Cada susurro se clavaba como un aguijón. Ya no tenía fuerzas para defenderse. Aprendió a callar porque, de todas formas, nadie escuchaba y nadie le creía.
Una llamada de un número desconocido la arrancó de sus recuerdos. Salía justo de otra entrevista fallida.
—¿Sí? Buenas tardes —respondió, con voz apagada.
—¿La señorita Aurora Evans?
—Sí, soy yo.
—Llamamos del Hospital Central. Queremos informarle que la señorita Jessica Carson tuvo un accidente automovilístico y está gravemente herida. Usted figura como su contacto de emergencia. Necesitamos que venga de inmediato.
—Entiendo… voy para allá ahora mismo.
Colgó con la garganta cerrada y, sin pensar más en su desgracia, salió rumbo al hospital. Jessica era lo único que tenía en Londres.
Si algo le pasaba...
[...]
Aurora llegó casi una hora después, atrapada en un tráfico insoportable. Avanzó a paso apresurado por los pasillos, sintiendo un nudo en el pecho. Su corazón se encogía de culpa: ni sus padres sabían por todo lo que estaba pasando; ellos aún creían que su hija triunfaba en la ciudad.
Se sentía egoísta por ocultarles la verdad. Perdida en esos pensamientos, no vió venir a la figura que apareció frente a ella. Chocó de lleno con el pecho de un hombre.
—Oh, por Dios… lo siento mucho —se disculpó de inmediato. Su cartera se soltó de su mano y se abrió, esparciendo todo por el suelo.
Se sintió ridículamente torpe.
El hombre ni siquiera la miró. Discutía por teléfono con tal ferocidad que parecía estar a punto de lanzar el celular por la ventana.
Aurora se arrodilló para recoger su desastre. Por primera vez en tres meses, sintió que solo quería sentarse a llorar ahí mismo, en mitad del pasillo.
Maldición, con su cartera favorita y su cierre roto. Otro desastre para su lista interminable.

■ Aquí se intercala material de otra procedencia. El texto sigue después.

(* Let $H$ be a strong symplectic Hilbert space and $N:\mathbb{D}\to W_+(H)$ a Nevanlinna disc, with $H_\pm$, $B$, $E$, $F^\dagger$, $F$, $K$, $\gamma_\pm$, $\varphi^\dagger_\mp$ as described in the context. Then the localized kernel $\mathcal{K}$ is given by: for $\lambda,\mu\in\mathbb{D}_+$: $\mathcal{K}(\lambda,\mu)=\dfrac{I-B(\lambda)B(\mu)^*}{1-\lambda\bar\mu}$; for $\lambda,\mu\in\mathbb{D}_-$: $\mathcal{K}(\lambda,\mu)=\dfrac{I-B(\bar\lambda)^*B(\bar\mu)}{1-\lambda\bar\mu}$; for $\lambda\in\mathbb{D}_+$, $\mu\in\mathbb{D}_-$: $\mathcal{K}(\lambda,\mu)=\dfrac{B(\lambda)-B(\bar\mu)}{\lambda-\bar\mu}$; for $\lambda\in\mathbb{D}_-$, $\mu\in\mathbb{D}_+$: $\mathcal{K}(\lambda,\mu)=\dfrac{B(\bar\lambda)^*-B(\mu)^*}{\lambda-\bar\mu}$; where in the last two cases the value at $\lambda=\bar\mu$ is understood as the limit.
   Context: A strong symplectic Hilbert space is a complex Hilbert space $H$ with a continuous sesquilinear form $[\cdot,\cdot]$ (linear in the first variable) with $[y,x]=-\overline{[x,y]}$, non-degenerate, such that $x\mapsto[\cdot,x]$ maps $H$ onto its dual; $S^{\perp_s}=\{x:[x,y]=0\ \forall y\in S\}$. $W_+(H)$ (resp. $W_-(H)$) is the complex manifold of maximally completely positive- (resp. negative-) definite subspaces: closed $L$ maximal with $-i[x,x]>0$ (resp. $i[x,x]>0$) for $0\ne x\in L$ and with $\pm(-i[x,x])\ge c\|x\|^2$ on $L$; for $L\in W_+(H)$ one has $H=L\oplus L^{\perp_s}$ and $L^{\perp_s}\in W_-(H)$. A Nevanlinna disc is a holomorphic map $N:\mathbb{D}\to W_+(H)$. Put $H_+=N(0)$, $H_-=H_+^{\perp_s}$, with Hilbert inner products $(\cdot,\cdot)_+=-i[\cdot,\cdot]$ on $H_+$ and $(\cdot,\cdot)_-=i[\cdot,\cdot]$ on $H_-$, so $[a,b]=i(a_+,b_+)_+-i(a_-,b_-)_-$ for the components in $H=H_+\oplus H_-$. Then $N(\lambda)=\{x+B(\lambda)x:x\in H_+\}$ for a holomorphic $B:\mathbb{D}\to\mathbb{B}(H_+,H_-)$ with $\|B(\lambda)\|<1$, and $N(\lambda)^{\perp_s}=\{B(\lambda)^*x+x:x\in H_-\}$. $\mathbb{D}_\pm$ are two copies of $\mathbb{D}$; for $\lambda\in\mathbb{D}_\pm$, $\bar\lambda$ is regarded as a point of $\mathbb{D}_\mp$. Set $E_\lambda=N(\lambda)$ for $\lambda\in\mathbb{D}_+$, $E_\lambda=N(\bar\lambda)^{\perp_s}$ for $\lambda\in\mathbb{D}_-$, with Hermitian inner product $(\cdot,\cdot)_\lambda$ equal to $-i[\cdot,\cdot]$ on fibers over $\mathbb{D}_+$ and $i[\cdot,\cdot]$ on fibers over $\mathbb{D}_-$. Set $F^\dagger_\lambda=E_{\bar\lambda}$ (with the inner product of $E_{\bar\lambda}$, also written $(\cdot,\cdot)_\lambda$) and $F_\lambda$ = conjugate-linear continuous functionals on $F^\dagger_\lambda$, pairing $((\cdot,\cdot))$. For each $\lambda$, $H=F^\dagger_\lambda\oplus F^\dagger_{\bar\lambda}$; $\mathcal{P}_\lambda$ is the projection onto $F^\dagger_\lambda$ along $F^\dagger_{\bar\lambda}$, and $\mathcal{Q}(\lambda,\mu):F^\dagger_\mu\to F_\lambda$ is $\mathcal{Q}(\lambda,\mu)\omega=(\mathcal{P}_\lambda\omega,\cdot)_\lambda$. Kernel: $K(\lambda,\mu)=\mathcal{Q}(\lambda,\mu)/(1-\lambda\bar\mu)$ if $\lambda,\mu$ lie in the same copy, and $K(\lambda,\mu)=-\mathcal{Q}(\lambda,\mu)/(\lambda-\bar\mu)$ if they lie in different copies (at $\lambda=\bar\mu$ defined as the limit). Trivializations: $\gamma_+(\lambda)x=x+B(\lambda)x\in E_\lambda$ ($\lambda\in\mathbb{D}_+$, $x\in H_+$), $\gamma_-(\lambda)x=B(\bar\lambda)^*x+x\in E_\lambda$ ($\lambda\in\mathbb{D}_-$, $x\in H_-$). For $\lambda\in\mathbb{D}_+$, $\varphi_-^\dagger(\lambda):F_\lambda\to H_-$ by $(\varphi_-^\dagger(\lambda)\omega,x)_-=((\omega,\gamma_-(\bar\lambda)x))$; for $\lambda\in\mathbb{D}_-$, $\varphi_+^\dagger(\lambda):F_\lambda\to H_+$ by $(\varphi_+^\dagger(\lambda)\omega,x)_+=((\omega,\gamma_+(\bar\lambda)x))$. Localized kernel: $\mathcal{K}(\lambda,\mu)=\varphi_\sigma^\dagger(\lambda)\circ K(\lambda,\mu)\circ\gamma_\tau(\bar\mu)$, where $\sigma=-$ if $\lambda\in\mathbb{D}_+$ and $\sigma=+$ if $\lambda\in\mathbb{D}_-$, and $\tau=-$ if $\mu\in\mathbb{D}_+$ and $\tau=+$ if $\mu\in\mathbb{D}_-$. *)

theory Defs
  imports "HOL-Analysis.Analysis"
begin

Al alzar la vista, alcanzó a observarlo mejor. Alto, de porte imponente, traje azul impecable y una expresión fría y dura. Parecía uno de esos hombres que no necesitaban levantar la voz para dejar claro que era mejor no contradecirlos.
Mordió su labio y bajó la cabeza para guardar las últimas cosas. No quería escuchar la conversación privada de nadie, pero los gritos del hombre la obligaron.
—¡El doctor acaba de decir que la niñera de Damian está muy grave y estará de reposo por meses! ¿¡No lo entendiste hace tres minutos!? Necesito a alguien para mañana a primera hora. ¡Consígueme una niñera para mi hijo, Sebastian! Si no, puedes darte por despedido.
Aurora tragó saliva. Se puso de pie justo cuando recogió su celular. Intentó ignorar todo y buscó la recepción para pedir información sobre Jessica.
Sintió, sin embargo, la mirada de alguien a su espalda. Se giró, y ahí estaba él. El hombre del traje azul. Ahora sí la miraba. Su expresión era gélida e impenetrable. Le hizo un leve gesto de asentimiento antes de volver a su llamada.
Por un instante, Aurora pensó que quizás él también estaba teniendo un día tan miserable como el suyo.